(* Let $P_1(z)=1+12z+9z^2$, $P_2(z)=1+4z+3z^2$, $P_3(z)=1+8z+8z^2$, $P_4(z)=1+15z+45z^2+27z^3$ and $P_5(z)=1+13z+21z^2+9z^3$. For each $i$, let $N_i$ be the number of pairwise non-isomorphic connected finite simple graphs whose independence polynomial is $P_i$. Then $N_i>0$ for each $i$; in particular $N_1\ge10$, $N_2=1$, $N_3\ge25$, $N_4\ge4$ and $N_5\ge5$.
   Context: For a finite simple graph $G$, the independence polynomial is $I_G(z)=\sum_{i\ge0} a_i z^i$, where $a_i$ is the number of sets of $i$ pairwise non-adjacent vertices of $G$ (with $a_0=1$). *)

theory Defs
  imports "HOL-Computational_Algebra.Polynomial"
begin

text \<open>A finite simple graph with vertices drawn from nat: a pair (V, E) of a finite
vertex set and a set of 2-element edges {u,v} with u, v in V.\<close>
type_synonym graph = "nat set \<times> nat set set"

definition verts :: "graph \<Rightarrow> nat set" where "verts G = fst G"
definition edges :: "graph \<Rightarrow> nat set set" where "edges G = snd G"

definition simple_graph :: "graph \<Rightarrow> bool" where
  "simple_graph G \<longleftrightarrow> finite (verts G) \<and>
     (\<forall>e\<in>edges G. \<exists>u v. u \<noteq> v \<and> u \<in> verts G \<and> v \<in> verts G \<and> e = {u, v})"

definition adj :: "graph \<Rightarrow> nat \<Rightarrow> nat \<Rightarrow> bool" where
  "adj G u v \<longleftrightarrow> {u, v} \<in> edges G"

definition connected_graph :: "graph \<Rightarrow> bool" where
  "connected_graph G \<longleftrightarrow> verts G \<noteq> {} \<and>
     (\<forall>u\<in>verts G. \<forall>v\<in>verts G. (adj G)\<^sup>*\<^sup>* u v)"

definition independent_set :: "graph \<Rightarrow> nat set \<Rightarrow> bool" where
  "independent_set G S \<longleftrightarrow> S \<subseteq> verts G \<and> (\<forall>u\<in>S. \<forall>v\<in>S. \<not> adj G u v)"

definition indep_count :: "graph \<Rightarrow> nat \<Rightarrow> nat" where
  "indep_count G i = card {S. independent_set G S \<and> card S = i}"
lemma floor_of_nat_mult_div:
  "\<lfloor>of_nat a * (of_nat k / of_nat n :: 'a :: floor_ceiling)\<rfloor> = int (a * k div n)"
  by (metis floor_divide_of_nat_eq of_nat_mult times_divide_eq_right)

lemma theta_of_nat_div:
  "theta p d (of_nat k / of_nat n)
     = 1 - int (k div n) + int (p * k div n) - (\<Sum>(m, i)\<in>Istar d. int (i * k div n))"
  unfolding theta_def floor_of_nat_mult_div floor_divide_of_nat_eq by simp

lemma theta_one: "theta p d 1 = int p - int (DD d)"
  using theta_of_nat_div[of p d 1 1] by (simp add: DD_eq_sum_Istar case_prod_beta)

lemma theta_zero: "theta p d 0 = 1"
  by (simp add: theta_def)

lemma theta_of_nat_div_self:
  assumes "j < p"
  shows "theta p d (of_nat j / of_nat p) = 1 + int j - sht p d j"
  using theta_of_nat_div[of p d j p] assms
  by (simp only: sht_def floor_divide_of_nat_eq) simp

lemma mult_Suc_div_eq:
  assumes "a dvd n" "0 < n"
  shows "int (a * Suc k div n) = int (a * k div n) + of_bool (n dvd a * Suc k)"
proof -
  obtain c where n: "n = a * c" using assms(1) by blast
  with assms(2) have "0 < a" "0 < c" by auto
  then have "a * Suc k div n = Suc k div c" "a * k div n = k div c" "n dvd a * Suc k \<longleftrightarrow> c dvd Suc k"
    by (simp_all add: n del: mult_Suc_right)
  then show ?thesis
    using div_Suc[of k c] by (simp add: dvd_eq_mod_eq_0)
qed

lemma walk_count:
  fixes f :: "nat \<Rightarrow> int"
  assumes "\<And>k. k < n \<Longrightarrow> k \<in> U \<Longrightarrow> f (Suc k) = f k + 1"
    and "\<And>k. k < n \<Longrightarrow> k \<notin> U \<Longrightarrow> f (Suc k) \<le> f k"
  shows "int (count (\<Sum>k\<in>{..<n} \<inter> U. {#f k#}) v)
           - int (count (\<Sum>k\<in>{..<n} - U. mset_set {f (Suc k)..<f k}) v)
         = of_bool (v < f n) - of_bool (v < f 0)"
  using assms
proof (induction n)
  case 0
  then show ?case by simp
next
  case (Suc n)
  then have IH: "int (count (\<Sum>k\<in>{..<n} \<inter> U. {#f k#}) v)
           - int (count (\<Sum>k\<in>{..<n} - U. mset_set {f (Suc k)..<f k}) v)
         = of_bool (v < f n) - of_bool (v < f 0)" by simp
  show ?case
  proof (cases "n \<in> U")
    case True
    then have "{..<Suc n} \<inter> U = insert n ({..<n} \<inter> U)" "{..<Suc n} - U = {..<n} - U"
      by (auto simp: less_Suc_eq)
    with True Suc.prems(1)[of n] IH show ?thesis by simp
  next
    case False
    then have "{..<Suc n} \<inter> U = {..<n} \<inter> U" "{..<Suc n} - U = insert n ({..<n} - U)"
      by (auto simp: less_Suc_eq)
    with False Suc.prems(2)[of n] IH show ?thesis
      by (simp add: count_mset_set' of_bool_def split: if_splits)
  qed
qed

lemma walk_mset:
  fixes f :: "nat \<Rightarrow> int"
  assumes "\<And>k. k < n \<Longrightarrow> k \<in> U \<Longrightarrow> f (Suc k) = f k + 1"
    and "\<And>k. k < n \<Longrightarrow> k \<notin> U \<Longrightarrow> f (Suc k) \<le> f k"
    and "f n \<le> f 0"
  shows "(\<Sum>k\<in>{..<n} \<inter> U. {#f k#}) + mset_set {f n..<f 0}
       = (\<Sum>k\<in>{..<n} - U. mset_set {f (Suc k)..<f k})"
proof (rule multiset_eqI)
  fix v
  have "int (count (mset_set {f n..<f 0}) v) = of_bool (v < f 0) - of_bool (v < f n)"
    using assms(3) by (auto simp: count_mset_set')
  then have "int (count ((\<Sum>k\<in>{..<n} \<inter> U. {#f k#}) + mset_set {f n..<f 0}) v)
      = int (count (\<Sum>k\<in>{..<n} - U. mset_set {f (Suc k)..<f k}) v)"
    using walk_count[of n U f v] assms(1,2) by simp
  then show "count ((\<Sum>k\<in>{..<n} \<inter> U. {#f k#}) + mset_set {f n..<f 0}) v
      = count (\<Sum>k\<in>{..<n} - U. mset_set {f (Suc k)..<f k}) v"
    by (simp only: of_nat_eq_iff)
qed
+++
Print the records again in full, exactly as they appear above.

(* Let $P_1(z)=1+12z+9z^2$, $P_2(z)=1+4z+3z^2$, $P_3(z)=1+8z+8z^2$, $P_4(z)=1+15z+45z^2+27z^3$ and $P_5(z)=1+13z+21z^2+9z^3$. For each $i$, let $N_i$ be the number of pairwise non-isomorphic connected finite simple graphs whose independence polynomial is $P_i$. Then $N_i>0$ for each $i$; in particular $N_1\ge10$, $N_2=1$, $N_3\ge25$, $N_4\ge4$ and $N_5\ge5$.
   Context: For a finite simple graph $G$, the independence polynomial is $I_G(z)=\sum_{i\ge0} a_i z^i$, where $a_i$ is the number of sets of $i$ pairwise non-adjacent vertices of $G$ (with $a_0=1$). *)

theory Defs
  imports "HOL-Computational_Algebra.Polynomial"
begin

text \<open>A finite simple graph with vertices drawn from nat: a pair (V, E) of a finite
vertex set and a set of 2-element edges {u,v} with u, v in V.\<close>
type_synonym graph = "nat set \<times> nat set set"

definition verts :: "graph \<Rightarrow> nat set" where "verts G = fst G"
definition edges :: "graph \<Rightarrow> nat set set" where "edges G = snd G"

definition simple_graph :: "graph \<Rightarrow> bool" where
  "simple_graph G \<longleftrightarrow> finite (verts G) \<and>
     (\<forall>e\<in>edges G. \<exists>u v. u \<noteq> v \<and> u \<in> verts G \<and> v \<in> verts G \<and> e = {u, v})"

definition adj :: "graph \<Rightarrow> nat \<Rightarrow> nat \<Rightarrow> bool" where
  "adj G u v \<longleftrightarrow> {u, v} \<in> edges G"

definition connected_graph :: "graph \<Rightarrow> bool" where
  "connected_graph G \<longleftrightarrow> verts G \<noteq> {} \<and>
     (\<forall>u\<in>verts G. \<forall>v\<in>verts G. (adj G)\<^sup>*\<^sup>* u v)"

definition independent_set :: "graph \<Rightarrow> nat set \<Rightarrow> bool" where
  "independent_set G S \<longleftrightarrow> S \<subseteq> verts G \<and> (\<forall>u\<in>S. \<forall>v\<in>S. \<not> adj G u v)"

definition indep_count :: "graph \<Rightarrow> nat \<Rightarrow> nat" where
  "indep_count G i = card {S. independent_set G S \<and> card S = i}"
lemma floor_of_nat_mult_div:
  "\<lfloor>of_nat a * (of_nat k / of_nat n :: 'a :: floor_ceiling)\<rfloor> = int (a * k div n)"
  by (metis floor_divide_of_nat_eq of_nat_mult times_divide_eq_right)

lemma theta_of_nat_div:
  "theta p d (of_nat k / of_nat n)
     = 1 - int (k div n) + int (p * k div n) - (\<Sum>(m, i)\<in>Istar d. int (i * k div n))"
  unfolding theta_def floor_of_nat_mult_div floor_divide_of_nat_eq by simp

lemma theta_one: "theta p d 1 = int p - int (DD d)"
  using theta_of_nat_div[of p d 1 1] by (simp add: DD_eq_sum_Istar case_prod_beta)

lemma theta_zero: "theta p d 0 = 1"
  by (simp add: theta_def)

lemma theta_of_nat_div_self:
  assumes "j < p"
  shows "theta p d (of_nat j / of_nat p) = 1 + int j - sht p d j"
  using theta_of_nat_div[of p d j p] assms
  by (simp only: sht_def floor_divide_of_nat_eq) simp

lemma mult_Suc_div_eq:
  assumes "a dvd n" "0 < n"
  shows "int (a * Suc k div n) = int (a * k div n) + of_bool (n dvd a * Suc k)"
proof -
  obtain c where n: "n = a * c" using assms(1) by blast
  with assms(2) have "0 < a" "0 < c" by auto
  then have "a * Suc k div n = Suc k div c" "a * k div n = k div c" "n dvd a * Suc k \<longleftrightarrow> c dvd Suc k"
    by (simp_all add: n del: mult_Suc_right)
  then show ?thesis
    using div_Suc[of k c] by (simp add: dvd_eq_mod_eq_0)
qed

lemma walk_count:
  fixes f :: "nat \<Rightarrow> int"
  assumes "\<And>k. k < n \<Longrightarrow> k \<in> U \<Longrightarrow> f (Suc k) = f k + 1"
    and "\<And>k. k < n \<Longrightarrow> k \<notin> U \<Longrightarrow> f (Suc k) \<le> f k"
  shows "int (count (\<Sum>k\<in>{..<n} \<inter> U. {#f k#}) v)
           - int (count (\<Sum>k\<in>{..<n} - U. mset_set {f (Suc k)..<f k}) v)
         = of_bool (v < f n) - of_bool (v < f 0)"
  using assms
proof (induction n)
  case 0
  then show ?case by simp
next
  case (Suc n)
  then have IH: "int (count (\<Sum>k\<in>{..<n} \<inter> U. {#f k#}) v)
           - int (count (\<Sum>k\<in>{..<n} - U. mset_set {f (Suc k)..<f k}) v)
         = of_bool (v < f n) - of_bool (v < f 0)" by simp
  show ?case
  proof (cases "n \<in> U")
    case True
    then have "{..<Suc n} \<inter> U = insert n ({..<n} \<inter> U)" "{..<Suc n} - U = {..<n} - U"
      by (auto simp: less_Suc_eq)
    with True Suc.prems(1)[of n] IH show ?thesis by simp
  next
    case False
    then have "{..<Suc n} \<inter> U = {..<n} \<inter> U" "{..<Suc n} - U = insert n ({..<n} - U)"
      by (auto simp: less_Suc_eq)
    with False Suc.prems(2)[of n] IH show ?thesis
      by (simp add: count_mset_set' of_bool_def split: if_splits)
  qed
qed

lemma walk_mset:
  fixes f :: "nat \<Rightarrow> int"
  assumes "\<And>k. k < n \<Longrightarrow> k \<in> U \<Longrightarrow> f (Suc k) = f k + 1"
    and "\<And>k. k < n \<Longrightarrow> k \<notin> U \<Longrightarrow> f (Suc k) \<le> f k"
    and "f n \<le> f 0"
  shows "(\<Sum>k\<in>{..<n} \<inter> U. {#f k#}) + mset_set {f n..<f 0}
       = (\<Sum>k\<in>{..<n} - U. mset_set {f (Suc k)..<f k})"
proof (rule multiset_eqI)
  fix v
  have "int (count (mset_set {f n..<f 0}) v) = of_bool (v < f 0) - of_bool (v < f n)"
    using assms(3) by (auto simp: count_mset_set')
  then have "int (count ((\<Sum>k\<in>{..<n} \<inter> U. {#f k#}) + mset_set {f n..<f 0}) v)
      = int (count (\<Sum>k\<in>{..<n} - U. mset_set {f (Suc k)..<f k}) v)"
    using walk_count[of n U f v] assms(1,2) by simp
  then show "count ((\<Sum>k\<in>{..<n} \<inter> U. {#f k#}) + mset_set {f n..<f 0}) v
      = count (\<Sum>k\<in>{..<n} - U. mset_set {f (Suc k)..<f k}) v"
    by (simp only: of_nat_eq_iff)
qed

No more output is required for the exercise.